Шрифт:
Интервал:
Закладка:
Но рыцарь, переведя взгляд на госпожу Аонию, сказал:
– Мне некуда идти.
И, чувствуя, что оставляет возле нее свое сердце, залился слезами.
Но, видя, что там действительно, кроме этого большого шатра, был раскинут еще только один маленький, он понял, что Ламентору в самом деле негде разместить посторонних, хотя он уже в своем сердце себя таковым не считал. Поэтому, поднявшись, он продолжил свои слова:
– Жаль, что я не могу унести с собой хотя бы часть вашего горя, сеньор, куда бы я ни пошел. Я бы с удовольствием помог вам его перенести. Но вы, сеньор, являетесь рыцарем и, более того, прибыли издалека, как я узнал от вашего слуги. Так что, наверно, это не первое несчастье на вашем пути, ибо даже те, кто никогда не выезжает из родных мест, сталкиваются с горем каждый день и каждый час.
И, сказав ему, что всегда будет к его услугам, простился с ним, глядя на госпожу Аонию, и направился к выходу. Пройдя немного, он с трудом оторвал взгляд от девушки.
Итак, он вышел из шатра, и мы пока расстанемся с ним до лучших времен.
Глава XI
О том, как была погребена Белиза, и о плаче над ней Ламентора
Ламентор вновь погрузился в рыдания, ибо у него к тому было немало причин. Они с Аонией плакали долго, так что солнце уже перевалило за полдень, когда почтенная женщина, которую с этих пор стали звать няней, так как она стала растить малышку (эта женщина была уже в годах и отличалась большими познаниями), подошла к ним и сказала:
– Господа, у вас еще будет довольно времени поплакать, так как в этих краях, по-моему, не меньше печали, чем в наших. Оставьте слезы, сеньор, сейчас вам надо помнить, что вы мужчина, а вам, сеньора, забыть, что вы женщина. Помните, что огромное горе коснулось всех нас, и надо не только уметь переносить его, но еще и утешать друг друга. И, поскольку наша боль останется с нами навсегда, будем утешаться тем, что сами мы еще живы.
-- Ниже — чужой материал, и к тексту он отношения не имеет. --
lemma emp_cost_lipschitz:
  fixes L L' :: "real^'r::finite^'p::finite"
  assumes "0 < lam1" and "0 \<le> lam2" and "\<And>i. norm (d i) \<le> M"
    and "norm L \<le> B" and "norm L' \<le> B" and "1 \<le> t"
  shows "\<bar>emp_cost G lam1 lam2 d t L - emp_cost G lam1 lam2 d t L'\<bar>
           \<le> (M / sqrt lam1 * (M + B * (M / sqrt lam1)) + lam1 * B) * norm (L - L')"
proof -
  define K where "K = M / sqrt lam1 * (M + B * (M / sqrt lam1))"
  have "emp_cost G lam1 lam2 d t L - emp_cost G lam1 lam2 d t L'
        = (1 / real t) * (\<Sum>i=1..t. loss G lam1 lam2 (d i) L - loss G lam1 lam2 (d i) L')
          + lam1 / (2 * real t) * ((norm L)\<^sup>2 - (norm L')\<^sup>2)" (is "_ = ?mean + ?reg")
    by (simp add: emp_cost_def sum_subtractf algebra_simps)
  moreover have "\<bar>?mean\<bar> \<le> K * norm (L - L')"
    using loss_lipschitz[OF assms(1,2,3,4,5)] unfolding K_def by (rule abs_mean_le)
  moreover have "\<bar>?reg\<bar> \<le> lam1 * B * norm (L - L')"
  proof -
    have "\<bar>?reg\<bar> = lam1 / (2 * real t) * \<bar>(norm L)\<^sup>2 - (norm L')\<^sup>2\<bar>"
      using assms(1) by (simp add: abs_mult)
    also have "\<dots> \<le> lam1 / 2 * \<bar>(norm L)\<^sup>2 - (norm L')\<^sup>2\<bar>"
      using assms(1,6) by (intro mult_right_mono divide_left_mono) auto
    also have "\<dots> \<le> lam1 / 2 * (norm (L - L') * (norm L + norm L'))"
      using assms(1) abs_power2_norm_diff_le[of L L'] by (simp add: mult_left_mono)
    also have "\<dots> \<le> lam1 / 2 * (norm (L - L') * (2 * B))"
      using assms(1,4,5) by (simp add: mult_left_mono)
    finally show ?thesis by (simp add: mult_ac)
  qed
  ultimately show ?thesis
    using abs_triangle_ineq[of ?mean ?reg] unfolding K_def distrib_right by linarith
qed

theorem proposition4:
  fixes G :: "'p::finite set set" and lam1 lam2 M :: real
    and d :: "nat \<Rightarrow> real^'p" and \<L> :: "(real^'r::finite^'p) set"
  assumes "lam1 > 0" and "lam2 > 0"
    and "\<And>t. norm (d t) \<le> M"
    and "compact \<L>"
  shows "\<exists>C K. \<forall>t\<ge>1. \<forall>L\<in>\<L>. \<forall>L'\<in>\<L>.
           \<bar>emp_cost G lam1 lam2 d t L\<bar> \<le> C \<and>
           \<bar>emp_cost G lam1 lam2 d t L - emp_cost G lam1 lam2 d t L'\<bar> \<le> K * norm (L - L')"
proof -
  obtain B where B: "\<And>L. L \<in> \<L> \<Longrightarrow> norm L \<le> B"
    using compact_imp_bounded[OF assms(4)] by (auto simp: bounded_iff)
  note lam = assms(1) less_imp_le[OF assms(2)]
  show ?thesis
    using abs_emp_cost_le[OF lam assms(3) B] emp_cost_lipschitz[OF lam assms(3) B B]
    by (intro exI allI impI ballI conjI)
qed

end
(* Let $\gamma$ be an oriented geodesic on the modular surface $\Sigma_{\mathrm{Mod}}$ obtained by projecting the simple closed curve $p/q\subset\Sigma_{1,1}$ via the 6-fold covering map $\Sigma_{1,1}\to\Sigma_{\mathrm{Mod}}$. Then under the covering map, $\gamma$ has six lifts in $\Sigma_{1,1}$: the curves $p/q$, $q/(q-p)$, $(p-q)/p$, and each of these three curves oriented in the opposite direction.
   Context: $\Sigma_{\mathrm{Mod}}=\mathbb{H}^2/\mathrm{PSL}(2,\mathbb{Z})$. The once-punctured torus $\Sigma_{1,1}$ is viewed as a quotient of $\mathbb{R}^2$ tiled by equilateral triangles with the vertex lattice $\Lambda$ removed, modulo the translations along two edge directions; the curve $p/q$ (coprime, $1/0$ allowed) is the projection of a line of slope $p/q$ avoiding $\Lambda$, measured with respect to the two edge directions as coordinate axes. The 6-fold covering $\Sigma_{1,1}\to\Sigma_{\mathrm{Mod}}$ is the quotient by the group generated by the rotation of order three about the centre of a triangle and the rotation of order two about the midpoint of an edge. *)

theory Defs
  imports Complex_Main
begin

text \<open>The vertex lattice of the tiling by
equilateral triangles is spanned by the two edge directions 1 and omega = exp(2 pi i/3)
(these are the coordinate axes for measuring slopes).\<close>

definition omega :: complex where
  "omega = cis (2 * pi / 3)"

definition Lambda :: "complex set" where
  "Lambda = {of_int a + of_int b * omega | a b. True}"

definition tri_centre :: complex where
  "tri_centre = (0 + 1 + (1 + omega)) / 3"

definition rot3 :: "complex \<Rightarrow> complex" where
  "rot3 z = tri_centre + omega * (z - tri_centre)"

definition rot2 :: "complex \<Rightarrow> complex" where
  "rot2 z = 2 * (1/2) - z"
Мертвых надлежит похоронить, нужно сделать все необходимое. Это последнее из того, что живые могут для них сделать. Если мы и дальше будем удерживать тело госпожи Белизы на земле, то тем самым будем насильственно противиться ее уходу. Вероятно, ей неприятно, что мы отказываем ей в том, что ей положено по праву: ведь больше она никогда нас ни о чем не попросит!
Кончив эту речь, сопровождавшуюся всеобщими слезами и болью, она взяла госпожу Аонию под руку и отвела ее в маленький шатер. Потом она отвела туда и Ламентора, а затем сделала все, что требовал обычай.
Но Ламентор не захотел, чтобы тело Белизы увозили куда бы то ни было. Он приказал, чтобы ее похоронили там, где она умерла, потому что решил, что, пока он жив, никуда из этих мест не уедет. И так оно и было на самом деле.
А в землях, откуда они прибыли, было принято, чтобы перед тем, как предать тело земле, все близкие родственники целовали его последним целованием в лицо, а самые близкие – в ноги, и последним это должен был сделать близкий родственник (возможно, это было задумано как прощальное напутствие). Закончив все приготовления, няня позвала Ламентора и госпожу Аонию.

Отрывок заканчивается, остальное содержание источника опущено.